SELECT COUNT(*) FROM sales_2023_q1;

The output should be:

 count
-------
     2
(1 row)

Now, check the count for the fourth quarter of 2024:

SELECT COUNT(*) FROM sales_2024_q4;

The output should also be 2. This confirms that PostgreSQL has placed the data into the correct underlying partition tables.

Query Data and Analyze Performance

In this final step, you will query the partitioned sales table. The main benefit of partitioning, known as "partition pruning," is that PostgreSQL's query planner is smart enough to scan only the necessary partitions, avoiding a full scan of the entire dataset.

You should still be in the psql interactive terminal.

First, run a query to retrieve all sales from the first quarter of 2023.

SELECT * FROM sales WHERE sale_date >= '2023-01-01' AND sale_date < '2023-04-01';

You will see the two records that fall within this date range.
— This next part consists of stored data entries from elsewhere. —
(* Let $d\ge 2$, let $\sigma_1,\dots,\sigma_d>0$ and $\Sigma=\operatorname{diag}(\sigma_1^2,\dots,\sigma_d^2)$, let $\nu>0$, let $P$ be a $d\times d$ permutation matrix, and let $X\in\mathbb{R}^d$. For $l\in\mathbb{R}^{d(d-1)/2}$ let $L=L(l)$ be the strictly lower-triangular $d\times d$ matrix whose strictly lower-triangular entries are the components of $l$, and set $$\Theta(l)=(I-PLP^\top)^\top\,\Sigma^{-1}\,(I-PLP^\top).$$ Define the marginal likelihood $$p(X\mid \Sigma,\nu,P)=\int_{\mathbb{R}^{d(d-1)/2}} \mathcal{N}\big(X;0,\Theta(l)^{-1}\big)\,\mathcal{N}\big(l;0,\nu^2 I\big)\,dl ,$$ where $\mathcal{N}(\cdot\,;0,C)$ denotes the centered Gaussian density with covariance $C$. Let $G$ be the $d\times d$ strictly lower-triangular matrix with all strictly lower-triangular entries equal to $1$, let $X^2$ denote the entrywise square of $X$, and let $D=\operatorname{diag}(PGP^\top X^2)$ (the diagonal matrix whose diagonal is the vector $PGP^\top X^2$). Suppose $D$ has exactly one zero diagonal entry, at index $i$ (this holds for almost every $X$). Let $\Sigma',D'\in\mathbb{R}^{(d-1)\times(d-1)}$ be obtained from $\Sigma,D$ by deleting the $i$th row and column, and let $S$ be the $d\times d$ diagonal matrix with $S_{jj}=\dfrac{\nu^2 D_{jj}}{\sigma_j^2(\sigma_j^2+\nu^2D_{jj})}$. Then $$\log p(X\mid\Sigma,\nu,P) = -\frac d2\log 2\pi-\sum_{j=1}^d\log\sigma_j-(d-1)\log\nu+\frac12 X^\top(S-\Sigma^{-1})X-\frac12\log\det D'-\frac12\log\det\big(\Sigma'^{-1}+\nu^{-2}D'^{-1}\big).$$
   Context: This is the marginal likelihood of a single observation $X$ from a linear-Gaussian structural equation model $X=W^\top X+\epsilon$, $\epsilon\sim\mathcal{N}(0,\Sigma)$, with $W^\top=PLP^\top$ (a DAG adjacency matrix written via a permutation $P$ and strictly lower-triangular weight matrix $L$), after integrating out the edge weights $l$ under an isotropic Gaussian prior $\mathcal{N}(0,\nu^2 I)$. Note $\det(I-PLP^\top)=1$, so $\det\Theta(l)=\det\Sigma^{-1}$. *)

theory Defs
  imports "HOL-Probability.Probability"
          "Jordan_Normal_Form.Determinant"
          "Jordan_Normal_Form.Gauss_Jordan_Elimination"
begin

definition minv :: "real mat \<Rightarrow> real mat" where
  "minv A = the (mat_inverse A)"

definition diagm :: "nat \<Rightarrow> (nat \<Rightarrow> real) \<Rightarrow> real mat" where
  "diagm n f = mat n n (\<lambda>(i,j). if i = j then f i else 0)"

definition is_perm_mat :: "nat \<Rightarrow> real mat \<Rightarrow> bool" where
  "is_perm_mat d P \<longleftrightarrow> (\<exists>\<pi>. \<pi> permutes {..<d} \<and>
      P = mat d d (\<lambda>(i,j). if i = \<pi> j then 1 else 0))"

text \<open>Index set of the strictly lower triangular entries of a d x d matrix;
  it has d(d-1)/2 elements, so functions on it are the vectors l.\<close>
definition lower_idx :: "nat \<Rightarrow> (nat \<times> nat) set" where
  "lower_idx d = {(j,k). k < j \<and> j < d}"

definition lower_mat :: "nat \<Rightarrow> (nat \<times> nat \<Rightarrow> real) \<Rightarrow> real mat" where
  "lower_mat d l = mat d d (\<lambda>(j,k). if k < j then l (j,k) else 0)"

definition Theta :: "nat \<Rightarrow> real mat \<Rightarrow> real mat \<Rightarrow> (nat \<times> nat \<Rightarrow> real) \<Rightarrow> real mat" where
  "Theta d Sig P l =
     (let B = 1\<^sub>m d - P * lower_mat d l * transpose_mat P
      in transpose_mat B * minv Sig * B)"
To see how PostgreSQL optimizes this, you can use the EXPLAIN command, which shows the query execution plan.

EXPLAIN SELECT * FROM sales WHERE sale_date >= '2023-01-01' AND sale_date < '2023-04-01';

The output will look something like this:

                                     QUERY PLAN
------------------------------------------------------------------------------------
 Seq Scan on sales_2023_q1 sales  (cost=0.00..31.75 rows=7 width=28)
   Filter: ((sale_date >= '2023-01-01'::date) AND (sale_date < '2023-04-01'::date))
(2 rows)

Notice the line Seq Scan on sales_2023_q1. This proves that PostgreSQL only scanned the sales_2023_q1 partition and ignored the other seven, making the query much faster on a large dataset.
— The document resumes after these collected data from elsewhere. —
lemma mono_dyadic_block: "mono (dyadic_block d G)"
proof
  fix n n' :: nat assume "n \<le> n'"
  then show "dyadic_block d G n \<le> dyadic_block d G n'"
    using le_dyadic_block[of n'] by (simp add: dyadic_block_le_iff)
qed

lemma filterlim_dyadic_block: "filterlim (dyadic_block d G) at_top sequentially"
  unfolding filterlim_at_top eventually_sequentially
proof (intro allI exI impI)
  fix m n assume "Suc (2 ^ (d * G m)) \<le> n"
  then have "\<not> dyadic_block d G n \<le> m"
    by (simp add: dyadic_block_le_iff)
  then show "m \<le> dyadic_block d G n" by simp
qed

lemma dyadic_block_Suc_eq:
  assumes "2 ^ (d * G m) \<le> k" "k < 2 ^ (d * G (Suc m))"
  shows "dyadic_block d G (Suc k) = Suc m"
proof (rule antisym)
  show "dyadic_block d G (Suc k) \<le> Suc m"
    using assms(2) by (simp add: dyadic_block_le_iff)
  show "Suc m \<le> dyadic_block d G (Suc k)"
    using assms(1) dyadic_block_le_iff[of "Suc k" m] by simp
qed

lemma sum_dyadic_block_radius_ge:
  fixes c :: real
  assumes "0 \<le> c"
  shows "c ^ d / 2 \<le> (\<Sum>k = 2 ^ (d * G m)..<2 ^ (d * G (Suc m)). (c / 2 ^ G (dyadic_block d G (Suc k))) ^ d)"
proof -
  define lo hi :: nat where "lo = 2 ^ (d * G m)" and "hi = 2 ^ (d * G (Suc m))"
  have "d * G m + 1 \<le> d * G (Suc m)"
    using d strict_monoD[OF G, of m "Suc m"] mult_le_mono2[of "G m + 1" "G (Suc m)" d] by simp
  then have "2 ^ (d * G m + 1) \<le> (2::nat) ^ (d * G (Suc m))"
    by (rule power_increasing) simp
  then have "2 * real lo \<le> real hi"
    unfolding lo_def hi_def by (metis of_nat_le_iff of_nat_mult of_nat_numeral power_Suc Suc_eq_plus1 mult.commute)
  have "(\<Sum>k = lo..<hi. (c / 2 ^ G (dyadic_block d G (Suc k))) ^ d) = (\<Sum>k = lo..<hi. c ^ d / real hi)"
  proof (rule sum.cong)
    fix k assume "k \<in> {lo..<hi}"
    then have "dyadic_block d G (Suc k) = Suc m"
      by (simp add: lo_def hi_def dyadic_block_Suc_eq)
    moreover have "real hi = (2 ^ G (Suc m)) ^ d"
      by (simp add: hi_def mult.commute[of d] power_mult)
    ultimately show "(c / 2 ^ G (dyadic_block d G (Suc k))) ^ d = c ^ d / real hi"
      by (simp add: power_divide)
  qed simp
  also have "\<dots> = (real hi - real lo) * (c ^ d / real hi)"
    using \<open>2 * real lo \<le> real hi\<close> by (simp add: of_nat_diff)
  also have "\<dots> = c ^ d * ((real hi - real lo) / real hi)"
    by simp
  also have "\<dots> \<ge> c ^ d * (1 / 2)"
    using \<open>2 * real lo \<le> real hi\<close> assms
    by (intro mult_left_mono) (simp_all add: hi_def field_simps)
  finally show ?thesis by (simp add: lo_def hi_def)
qed

lemma P_seq_dyadic_block_radius:
  fixes c :: real
  assumes "0 < c"
  shows "P_seq d (\<lambda>n. c / 2 ^ G (dyadic_block d G n))"
  unfolding P_seq_def
proof (intro conjI allI impI notI)
  show "c / 2 ^ G (dyadic_block d G (Suc n)) \<le> c / 2 ^ G (dyadic_block d G n)" for n
    using assms monoD[OF mono_dyadic_block, of n "Suc n"] G
    by (intro divide_left_mono power_increasing) (simp_all add: strict_mono_less_eq)
  have "filterlim (\<lambda>n. G (dyadic_block d G n)) at_top sequentially"
    using filterlim_subseq[OF G] filterlim_dyadic_block by (rule filterlim_compose)
  then have "(\<lambda>n. c * (1/2) ^ G (dyadic_block d G n)) \<longlonglongrightarrow> c * 0"
    by (intro tendsto_mult tendsto_const filterlim_compose[OF LIMSEQ_realpow_zero]) auto
  then show "(\<lambda>n. c / 2 ^ G (dyadic_block d G n)) \<longlonglongrightarrow> 0"
    by (simp add: power_one_over)
next
  assume "summable (\<lambda>n. (c / 2 ^ G (dyadic_block d G (Suc n))) ^ d)"
  then obtain n0 where n0: "\<And>m n. n0 \<le> m \<Longrightarrow>
      norm (\<Sum>k = m..<n. (c / 2 ^ G (dyadic_block d G (Suc k))) ^ d) < c ^ d / 2"
    using assms unfolding summable_Cauchy by (meson half_gt_zero zero_less_power)
  then show False
    using n0[OF le_two_power_G] sum_dyadic_block_radius_ge[of c n0] assms
    by (smt (verit) real_norm_def)
qed

end

lemma radius_adapted_to_generations:
  fixes N :: "real^'n \<Rightarrow> real" and x :: "nat \<Rightarrow> real^'n" and J :: "nat \<Rightarrow> nat"
  assumes "0 < c" "\<And>v. c * norm v \<le> N v" "strict_mono J" "nat (- j0) + 2 \<le> J 0"
  obtains r where "P_seq CARD('n) r"
    "\<And>y n. y \<in> dyadic_core j0 k0 \<Longrightarrow> 1 \<le> n \<Longrightarrow> N (y - x n) < r n
       \<Longrightarrow> \<exists>m. y \<in> enlarged_dyadic_M x j0 k0 (J m)"
proof -
  define G where "G m = nat (j0 + int (J m))" for m
  have J_ge: "nat (- j0) + 2 \<le> J m" for m
    using assms(4) strict_mono_less_eq[OF assms(3), of 0 m] by simp
  have gen_nonneg: "0 \<le> j0 + int (J m)" for m
    using J_ge[of m] nat_le_iff[of "- j0" "J m"] by linarith
  then have G_eq: "2 ^ G m = (2 powi (j0 + int (J m)) :: real)"
    and G_pow_eq: "2 ^ (CARD('n) * G m) = (2 powi (int CARD('n) * (j0 + int (J m))) :: real)" for m
    by (simp_all add: G_def power_int_def power_mult nat_mult_distrib)
  have "strict_mono G"
  proof (rule strict_monoI)
    fix m m' :: nat assume "m < m'"
    then have "J m < J m'" using assms(3) by (simp add: strict_mono_less)
    then show "G m < G m'"
      using gen_nonneg[of m] by (simp add: G_def nat_less_eq_zless)
  qed
  define r where "r n = c / 2 ^ G (dyadic_block CARD('n) G n)" for n
  show thesis
  proof
    show "P_seq CARD('n) r"
      unfolding r_def using \<open>strict_mono G\<close> assms(1) by (intro P_seq_dyadic_block_radius) auto
    fix y n assume y: "y \<in> dyadic_core j0 k0" and "1 \<le> n" "N (y - x n) < r n"
    define m where "m = dyadic_block CARD('n) G n"
    have "c * norm (y - x n) < c * (1 / 2 ^ G m)"
      using assms(2)[of "y - x n"] \<open>N (y - x n) < r n\<close> by (simp add: r_def m_def)
    then have "norm (y - x n) < 1 / 2 ^ G m"
      using assms(1) mult_less_cancel_left_pos by blast
    moreover have "real n \<le> 2 ^ (CARD('n) * G m)"
      using le_dyadic_block[OF \<open>strict_mono G\<close>] by (simp add: m_def flip: of_nat_le_iff)
    ultimately have "y \<in> enlarged_dyadic_M x j0 k0 (J m)"
      using J_ge[of m] \<open>1 \<le> n\<close> y
      by (intro mem_enlarged_dyadic_M_if_near) (auto simp: G_eq G_pow_eq)
    then show "\<exists>m. y \<in> enlarged_dyadic_M x j0 k0 (J m)" ..
  qed
qed

theorem theorem8p5:
  fixes N :: "real^'n \<Rightarrow> real" and U :: "(real^'n) set" and x :: "nat \<Rightarrow> real^'n"
  assumes "is_norm N"
    and "open U" and "U \<noteq> {}"
    and "dyadic_cube j0 k0 \<subseteq> U"
    and "liminf (\<lambda>j. ereal (2 powi (- (int CARD('n) * int j)) * real (card (dyadic_M x j0 k0 j)))) = 0"
  shows "\<not> unif_eutaxic N x U"
proof
  assume eutaxic: "unif_eutaxic N x U"
  obtain c where "0 < c" and c: "\<And>v. c * norm v \<le> N v"
    using is_norm_ge_norm[OF assms(1)] by blast
  \<comment> \<open>a quarter of the measure of \<open>dyadic_core j0 k0\<close>\<close>
  define a :: real where "a = (1 / (2 * 2 powi j0)) ^ CARD('n) / 4"
  define C :: real where "C = (3 / 2 powi j0) ^ CARD('n)"
  have "0 < a" "0 < C" by (simp_all add: a_def C_def)
  then obtain J where "strict_mono J" "nat (- j0) + 2 \<le> J 0" and small:
    "\<And>m. 2 powi (- (int CARD('n) * int (J m))) * real (card (dyadic_M x j0 k0 (J m))) < a / C * (1/2) ^ m"
    using liminf_eq_0_subseq[OF assms(5), of "\<lambda>m. a / C * (1/2) ^ m"] by auto
  then obtain r where "P_seq CARD('n) r" and hits_covered: "\<And>y n. y \<in> dyadic_core j0 k0 \<Longrightarrow> 1 \<le> n
      \<Longrightarrow> N (y - x n) < r n \<Longrightarrow> \<exists>m. y \<in> enlarged_dyadic_M x j0 k0 (J m)"
    using radius_adapted_to_generations[OF \<open>0 < c\<close> c] by blast
  then have "AE y in lebesgue. y \<in> U \<longrightarrow> infinite {n. 1 \<le> n \<and> N (y - x n) < r n}"
    using eutaxic by (simp add: unif_eutaxic_def)
  then obtain N0 where "\<And>y. y \<in> space lebesgue - N0 \<Longrightarrow> y \<in> U \<longrightarrow> infinite {n. 1 \<le> n \<and> N (y - x n) < r n}"
    and "N0 \<in> null_sets lebesgue"
    by (rule AE_E3) blast
  then have "dyadic_core j0 k0 \<subseteq> N0 \<union> (\<Union>m. enlarged_dyadic_M x j0 k0 (J m))"
    using hits_covered dyadic_core_subset[of j0 k0] assms(4) by (fastforce dest!: not_finite_existsD)
  moreover have "emeasure lebesgue (enlarged_dyadic_M x j0 k0 (J m)) \<le> ennreal (a * (1/2) ^ m)" for m
    using emeasure_enlarged_dyadic_M_le[of x j0 k0 "J m"] mult_strict_left_mono[OF small[of m] \<open>0 < C\<close>]
      \<open>0 < C\<close> unfolding C_def[symmetric] by (elim order_trans) (simp add: ennreal_leI)
  ultimately have "emeasure lebesgue (dyadic_core j0 k0) \<le> ennreal (2 * a)"
    using \<open>N0 \<in> null_sets lebesgue\<close> \<open>0 < a\<close> by (intro emeasure_le_geometric_cover) auto
  then show False
    using \<open>0 < a\<close> by (simp add: emeasure_dyadic_core a_def)
qed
Now, let's run a more complex query to find the total sales amount for each product in 2024.

SELECT product_id, SUM(sale_amount) AS total_sales
FROM sales
WHERE sale_date >= '2024-01-01' AND sale_date < '2025-01-01'
GROUP BY product_id
ORDER BY product_id;

This query will efficiently scan only the four partitions for 2024 to calculate the result. The output will show the total sales for each product from 109 to 116.

Finally, you can exit the PostgreSQL interactive terminal by typing:

\q

You will be returned to your regular shell prompt.

Summary

In this lab, you have learned the fundamentals of table partitioning in PostgreSQL. You successfully created a parent table partitioned by a date range, defined specific partitions for different time periods, and inserted data that was automatically routed to the correct partition. Most importantly, you used the EXPLAIN command to see partition pruning in action, demonstrating how partitioning can significantly improve query performance by allowing the database to scan only a subset of the data. This is a powerful technique for managing large-scale datasets efficiently.